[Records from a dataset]

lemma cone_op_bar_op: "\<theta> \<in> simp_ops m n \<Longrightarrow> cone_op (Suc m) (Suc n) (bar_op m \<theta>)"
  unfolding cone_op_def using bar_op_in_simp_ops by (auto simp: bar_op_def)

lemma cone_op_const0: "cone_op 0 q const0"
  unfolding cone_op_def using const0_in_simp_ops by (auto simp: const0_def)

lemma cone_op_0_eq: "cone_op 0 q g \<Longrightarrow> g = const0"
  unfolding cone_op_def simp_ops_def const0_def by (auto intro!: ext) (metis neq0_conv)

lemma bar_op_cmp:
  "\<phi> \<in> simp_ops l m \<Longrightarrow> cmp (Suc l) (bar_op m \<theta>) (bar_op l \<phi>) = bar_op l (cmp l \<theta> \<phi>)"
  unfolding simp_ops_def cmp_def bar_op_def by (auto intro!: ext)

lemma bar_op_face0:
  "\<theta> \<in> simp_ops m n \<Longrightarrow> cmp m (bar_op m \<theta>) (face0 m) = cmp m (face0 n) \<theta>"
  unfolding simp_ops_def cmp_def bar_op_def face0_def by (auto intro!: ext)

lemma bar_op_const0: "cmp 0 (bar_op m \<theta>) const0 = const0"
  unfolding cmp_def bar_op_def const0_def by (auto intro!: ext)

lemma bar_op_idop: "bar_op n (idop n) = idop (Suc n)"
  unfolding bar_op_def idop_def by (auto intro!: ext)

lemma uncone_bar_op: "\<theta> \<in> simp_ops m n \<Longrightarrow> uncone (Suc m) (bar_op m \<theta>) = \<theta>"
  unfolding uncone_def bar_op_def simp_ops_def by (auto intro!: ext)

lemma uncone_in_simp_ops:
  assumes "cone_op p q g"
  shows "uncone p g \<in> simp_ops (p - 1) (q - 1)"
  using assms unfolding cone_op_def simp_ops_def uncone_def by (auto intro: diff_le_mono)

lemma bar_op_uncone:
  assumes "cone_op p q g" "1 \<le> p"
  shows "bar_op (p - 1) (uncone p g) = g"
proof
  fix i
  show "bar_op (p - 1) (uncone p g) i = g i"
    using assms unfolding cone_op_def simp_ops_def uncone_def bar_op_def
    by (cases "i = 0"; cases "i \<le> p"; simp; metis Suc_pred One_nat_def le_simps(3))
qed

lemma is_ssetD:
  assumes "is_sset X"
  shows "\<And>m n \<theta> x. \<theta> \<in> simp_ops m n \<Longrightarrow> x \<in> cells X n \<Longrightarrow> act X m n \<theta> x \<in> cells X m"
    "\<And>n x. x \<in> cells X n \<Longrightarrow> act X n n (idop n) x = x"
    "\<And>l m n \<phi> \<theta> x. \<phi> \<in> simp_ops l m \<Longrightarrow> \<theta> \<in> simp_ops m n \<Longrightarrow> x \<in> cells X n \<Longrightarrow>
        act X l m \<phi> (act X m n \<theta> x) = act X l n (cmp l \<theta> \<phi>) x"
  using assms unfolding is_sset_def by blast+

---

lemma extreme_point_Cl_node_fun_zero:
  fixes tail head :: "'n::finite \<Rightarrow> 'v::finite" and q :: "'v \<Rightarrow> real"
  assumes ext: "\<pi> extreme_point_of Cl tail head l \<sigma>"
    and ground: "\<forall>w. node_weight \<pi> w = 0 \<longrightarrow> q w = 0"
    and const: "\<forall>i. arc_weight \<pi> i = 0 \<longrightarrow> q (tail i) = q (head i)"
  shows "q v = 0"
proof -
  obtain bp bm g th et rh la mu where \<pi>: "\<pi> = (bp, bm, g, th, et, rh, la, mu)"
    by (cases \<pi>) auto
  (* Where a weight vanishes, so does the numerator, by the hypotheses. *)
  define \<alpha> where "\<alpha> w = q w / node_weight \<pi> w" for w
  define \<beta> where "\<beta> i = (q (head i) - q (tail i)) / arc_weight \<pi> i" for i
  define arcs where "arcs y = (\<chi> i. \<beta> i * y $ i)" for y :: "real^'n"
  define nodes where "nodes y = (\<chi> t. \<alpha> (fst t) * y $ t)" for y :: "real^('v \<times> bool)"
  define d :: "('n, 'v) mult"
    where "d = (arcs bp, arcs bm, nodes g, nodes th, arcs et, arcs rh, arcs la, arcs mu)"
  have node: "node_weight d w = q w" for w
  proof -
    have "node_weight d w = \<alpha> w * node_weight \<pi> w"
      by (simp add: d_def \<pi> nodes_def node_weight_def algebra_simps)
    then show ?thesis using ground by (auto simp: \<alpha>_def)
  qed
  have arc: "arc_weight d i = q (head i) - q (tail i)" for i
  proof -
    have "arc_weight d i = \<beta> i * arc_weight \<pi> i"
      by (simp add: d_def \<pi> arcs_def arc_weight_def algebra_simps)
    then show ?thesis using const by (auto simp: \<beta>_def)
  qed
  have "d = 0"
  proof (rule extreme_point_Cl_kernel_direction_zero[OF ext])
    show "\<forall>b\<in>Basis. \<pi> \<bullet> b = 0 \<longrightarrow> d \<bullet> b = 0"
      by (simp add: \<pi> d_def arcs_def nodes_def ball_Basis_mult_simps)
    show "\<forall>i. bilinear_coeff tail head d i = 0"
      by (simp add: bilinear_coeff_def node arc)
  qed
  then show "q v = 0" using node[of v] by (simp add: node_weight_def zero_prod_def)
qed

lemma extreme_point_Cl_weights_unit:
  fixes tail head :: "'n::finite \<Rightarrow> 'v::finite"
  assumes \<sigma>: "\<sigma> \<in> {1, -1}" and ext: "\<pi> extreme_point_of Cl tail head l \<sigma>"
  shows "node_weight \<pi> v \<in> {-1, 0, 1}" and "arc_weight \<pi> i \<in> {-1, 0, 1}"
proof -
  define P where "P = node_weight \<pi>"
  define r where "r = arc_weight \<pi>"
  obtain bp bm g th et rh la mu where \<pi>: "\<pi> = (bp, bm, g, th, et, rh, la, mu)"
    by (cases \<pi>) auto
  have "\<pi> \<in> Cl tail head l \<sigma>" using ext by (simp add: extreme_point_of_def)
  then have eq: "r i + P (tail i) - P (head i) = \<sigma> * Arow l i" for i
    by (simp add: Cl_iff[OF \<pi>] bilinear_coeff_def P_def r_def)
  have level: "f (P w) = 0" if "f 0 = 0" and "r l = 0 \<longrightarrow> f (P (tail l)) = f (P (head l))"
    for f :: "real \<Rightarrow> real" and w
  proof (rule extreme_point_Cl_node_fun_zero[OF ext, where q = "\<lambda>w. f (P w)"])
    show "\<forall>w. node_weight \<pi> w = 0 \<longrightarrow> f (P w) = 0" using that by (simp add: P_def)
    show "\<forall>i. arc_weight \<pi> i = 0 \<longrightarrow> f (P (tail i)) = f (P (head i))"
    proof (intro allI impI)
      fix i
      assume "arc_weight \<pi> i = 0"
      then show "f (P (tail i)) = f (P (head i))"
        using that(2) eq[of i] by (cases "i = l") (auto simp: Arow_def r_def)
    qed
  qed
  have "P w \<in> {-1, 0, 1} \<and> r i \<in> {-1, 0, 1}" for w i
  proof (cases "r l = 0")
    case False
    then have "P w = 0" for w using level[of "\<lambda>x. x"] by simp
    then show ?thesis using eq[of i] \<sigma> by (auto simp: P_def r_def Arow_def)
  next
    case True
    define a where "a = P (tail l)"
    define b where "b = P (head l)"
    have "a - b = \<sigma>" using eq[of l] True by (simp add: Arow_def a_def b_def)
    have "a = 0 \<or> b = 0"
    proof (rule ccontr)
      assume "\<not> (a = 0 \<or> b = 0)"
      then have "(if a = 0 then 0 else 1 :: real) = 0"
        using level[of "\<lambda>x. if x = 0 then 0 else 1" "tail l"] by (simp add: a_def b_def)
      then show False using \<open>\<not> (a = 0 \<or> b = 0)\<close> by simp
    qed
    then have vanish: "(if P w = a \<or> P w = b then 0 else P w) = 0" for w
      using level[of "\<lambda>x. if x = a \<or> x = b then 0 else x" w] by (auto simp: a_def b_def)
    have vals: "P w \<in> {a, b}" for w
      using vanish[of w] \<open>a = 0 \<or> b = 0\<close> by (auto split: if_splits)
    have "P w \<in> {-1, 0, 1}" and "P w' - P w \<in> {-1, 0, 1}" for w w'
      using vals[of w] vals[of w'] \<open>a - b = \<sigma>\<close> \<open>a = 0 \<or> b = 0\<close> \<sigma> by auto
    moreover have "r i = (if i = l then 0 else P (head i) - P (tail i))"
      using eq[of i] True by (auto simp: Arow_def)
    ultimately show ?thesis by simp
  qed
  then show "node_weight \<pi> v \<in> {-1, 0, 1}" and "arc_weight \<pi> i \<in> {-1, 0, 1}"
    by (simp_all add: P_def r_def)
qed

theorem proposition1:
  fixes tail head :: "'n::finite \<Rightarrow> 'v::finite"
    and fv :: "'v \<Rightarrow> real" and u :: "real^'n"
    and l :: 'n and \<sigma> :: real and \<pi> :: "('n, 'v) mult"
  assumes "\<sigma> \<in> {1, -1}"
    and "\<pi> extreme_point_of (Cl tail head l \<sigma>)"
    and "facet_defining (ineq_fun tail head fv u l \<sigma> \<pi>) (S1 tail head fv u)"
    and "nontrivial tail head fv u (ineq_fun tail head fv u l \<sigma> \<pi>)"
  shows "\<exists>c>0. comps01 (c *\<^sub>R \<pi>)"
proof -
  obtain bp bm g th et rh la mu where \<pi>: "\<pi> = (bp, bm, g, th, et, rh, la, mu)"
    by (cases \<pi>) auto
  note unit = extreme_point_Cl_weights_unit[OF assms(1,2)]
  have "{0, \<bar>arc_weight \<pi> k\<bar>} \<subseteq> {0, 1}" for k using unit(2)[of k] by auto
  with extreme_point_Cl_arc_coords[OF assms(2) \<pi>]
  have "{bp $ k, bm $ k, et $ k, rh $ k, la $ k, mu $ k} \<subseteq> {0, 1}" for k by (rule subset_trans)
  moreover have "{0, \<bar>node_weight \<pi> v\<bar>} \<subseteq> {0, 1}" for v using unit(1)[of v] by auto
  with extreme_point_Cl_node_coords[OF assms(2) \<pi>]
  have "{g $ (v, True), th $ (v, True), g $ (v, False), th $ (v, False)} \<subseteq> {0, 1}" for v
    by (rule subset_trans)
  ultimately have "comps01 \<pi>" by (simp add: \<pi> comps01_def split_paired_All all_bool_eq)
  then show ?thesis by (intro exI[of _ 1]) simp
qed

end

--

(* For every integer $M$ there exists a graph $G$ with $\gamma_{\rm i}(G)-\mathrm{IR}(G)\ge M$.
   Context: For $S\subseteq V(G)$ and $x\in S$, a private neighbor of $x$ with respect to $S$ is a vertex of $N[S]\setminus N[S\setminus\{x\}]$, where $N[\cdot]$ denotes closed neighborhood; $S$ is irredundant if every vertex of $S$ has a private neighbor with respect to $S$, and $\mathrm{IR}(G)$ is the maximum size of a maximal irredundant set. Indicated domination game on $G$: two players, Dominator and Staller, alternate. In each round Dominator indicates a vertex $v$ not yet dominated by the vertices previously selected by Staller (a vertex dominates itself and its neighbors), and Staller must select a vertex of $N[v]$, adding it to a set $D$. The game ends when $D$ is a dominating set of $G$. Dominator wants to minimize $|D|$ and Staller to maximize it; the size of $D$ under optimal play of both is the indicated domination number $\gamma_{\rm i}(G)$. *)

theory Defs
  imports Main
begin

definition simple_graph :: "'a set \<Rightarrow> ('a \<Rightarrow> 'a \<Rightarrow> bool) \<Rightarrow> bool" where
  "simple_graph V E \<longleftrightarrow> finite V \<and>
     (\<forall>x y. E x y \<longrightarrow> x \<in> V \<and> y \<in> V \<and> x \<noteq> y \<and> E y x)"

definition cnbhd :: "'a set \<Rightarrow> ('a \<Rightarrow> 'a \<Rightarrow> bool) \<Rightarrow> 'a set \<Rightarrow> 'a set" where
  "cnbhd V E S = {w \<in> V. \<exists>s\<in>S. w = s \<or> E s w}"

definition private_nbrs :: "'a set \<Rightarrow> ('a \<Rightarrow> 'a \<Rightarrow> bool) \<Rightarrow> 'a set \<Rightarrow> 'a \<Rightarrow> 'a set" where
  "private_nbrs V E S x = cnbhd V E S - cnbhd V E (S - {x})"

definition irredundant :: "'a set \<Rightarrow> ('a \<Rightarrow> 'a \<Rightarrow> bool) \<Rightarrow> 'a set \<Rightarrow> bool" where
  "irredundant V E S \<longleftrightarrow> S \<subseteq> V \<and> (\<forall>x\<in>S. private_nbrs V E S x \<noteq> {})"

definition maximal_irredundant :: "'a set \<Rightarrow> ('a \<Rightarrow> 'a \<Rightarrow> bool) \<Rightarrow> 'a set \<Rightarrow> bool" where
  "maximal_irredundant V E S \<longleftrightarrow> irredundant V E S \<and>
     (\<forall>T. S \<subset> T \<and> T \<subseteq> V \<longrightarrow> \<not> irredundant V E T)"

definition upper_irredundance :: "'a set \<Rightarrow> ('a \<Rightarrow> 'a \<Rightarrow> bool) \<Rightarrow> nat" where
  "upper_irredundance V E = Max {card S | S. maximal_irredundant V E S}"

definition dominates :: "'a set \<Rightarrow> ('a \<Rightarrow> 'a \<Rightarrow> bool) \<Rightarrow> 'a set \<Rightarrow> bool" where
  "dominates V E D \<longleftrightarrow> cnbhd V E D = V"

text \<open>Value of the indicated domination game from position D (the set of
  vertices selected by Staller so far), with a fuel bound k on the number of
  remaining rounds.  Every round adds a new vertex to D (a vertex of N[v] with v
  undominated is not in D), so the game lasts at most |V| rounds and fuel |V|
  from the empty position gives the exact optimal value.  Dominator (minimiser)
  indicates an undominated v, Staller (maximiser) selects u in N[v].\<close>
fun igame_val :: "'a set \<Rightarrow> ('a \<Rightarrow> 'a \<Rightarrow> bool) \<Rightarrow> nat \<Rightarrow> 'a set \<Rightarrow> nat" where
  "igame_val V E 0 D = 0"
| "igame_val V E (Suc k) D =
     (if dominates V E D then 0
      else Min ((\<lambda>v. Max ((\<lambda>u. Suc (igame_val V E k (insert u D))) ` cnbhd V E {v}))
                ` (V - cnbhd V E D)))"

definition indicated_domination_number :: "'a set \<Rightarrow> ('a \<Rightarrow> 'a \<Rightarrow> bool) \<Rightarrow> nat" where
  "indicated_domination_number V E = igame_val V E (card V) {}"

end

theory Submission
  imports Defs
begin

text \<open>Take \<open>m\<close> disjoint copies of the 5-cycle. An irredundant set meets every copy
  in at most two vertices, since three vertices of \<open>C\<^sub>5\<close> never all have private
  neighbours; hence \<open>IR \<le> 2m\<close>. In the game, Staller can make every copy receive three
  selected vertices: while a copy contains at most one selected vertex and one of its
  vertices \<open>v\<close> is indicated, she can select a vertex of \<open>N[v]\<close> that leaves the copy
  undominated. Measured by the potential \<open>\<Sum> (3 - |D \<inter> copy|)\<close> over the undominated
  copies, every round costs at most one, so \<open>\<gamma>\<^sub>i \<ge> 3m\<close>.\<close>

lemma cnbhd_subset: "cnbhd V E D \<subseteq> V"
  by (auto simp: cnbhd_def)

■ **AIM OF THE EXERCISE**: Among the entries above, find the line with "w' - P w \<in>" and the line with "unit(2)[of k] by auto"; give again exactly these two lines and all lines between them.

■ **TASK RESPONSE**:
    have "P w \<in> {-1, 0, 1}" and "P w' - P w \<in> {-1, 0, 1}" for w w'
      using vals[of w] vals[of w'] \<open>a - b = \<sigma>\<close> \<open>a = 0 \<or> b = 0\<close> \<sigma> by auto
    moreover have "r i = (if i = l then 0 else P (head i) - P (tail i))"
      using eq[of i] True by (auto simp: Arow_def)
    ultimately show ?thesis by simp
  qed
  then show "node_weight \<pi> v \<in> {-1, 0, 1}" and "arc_weight \<pi> i \<in> {-1, 0, 1}"
    by (simp_all add: P_def r_def)
qed

theorem proposition1:
  fixes tail head :: "'n::finite \<Rightarrow> 'v::finite"
    and fv :: "'v \<Rightarrow> real" and u :: "real^'n"
    and l :: 'n and \<sigma> :: real and \<pi> :: "('n, 'v) mult"
  assumes "\<sigma> \<in> {1, -1}"
    and "\<pi> extreme_point_of (Cl tail head l \<sigma>)"
    and "facet_defining (ineq_fun tail head fv u l \<sigma> \<pi>) (S1 tail head fv u)"
    and "nontrivial tail head fv u (ineq_fun tail head fv u l \<sigma> \<pi>)"
  shows "\<exists>c>0. comps01 (c *\<^sub>R \<pi>)"
proof -
  obtain bp bm g th et rh la mu where \<pi>: "\<pi> = (bp, bm, g, th, et, rh, la, mu)"
    by (cases \<pi>) auto
  note unit = extreme_point_Cl_weights_unit[OF assms(1,2)]
  have "{0, \<bar>arc_weight \<pi> k\<bar>} \<subseteq> {0, 1}" for k using unit(2)[of k] by auto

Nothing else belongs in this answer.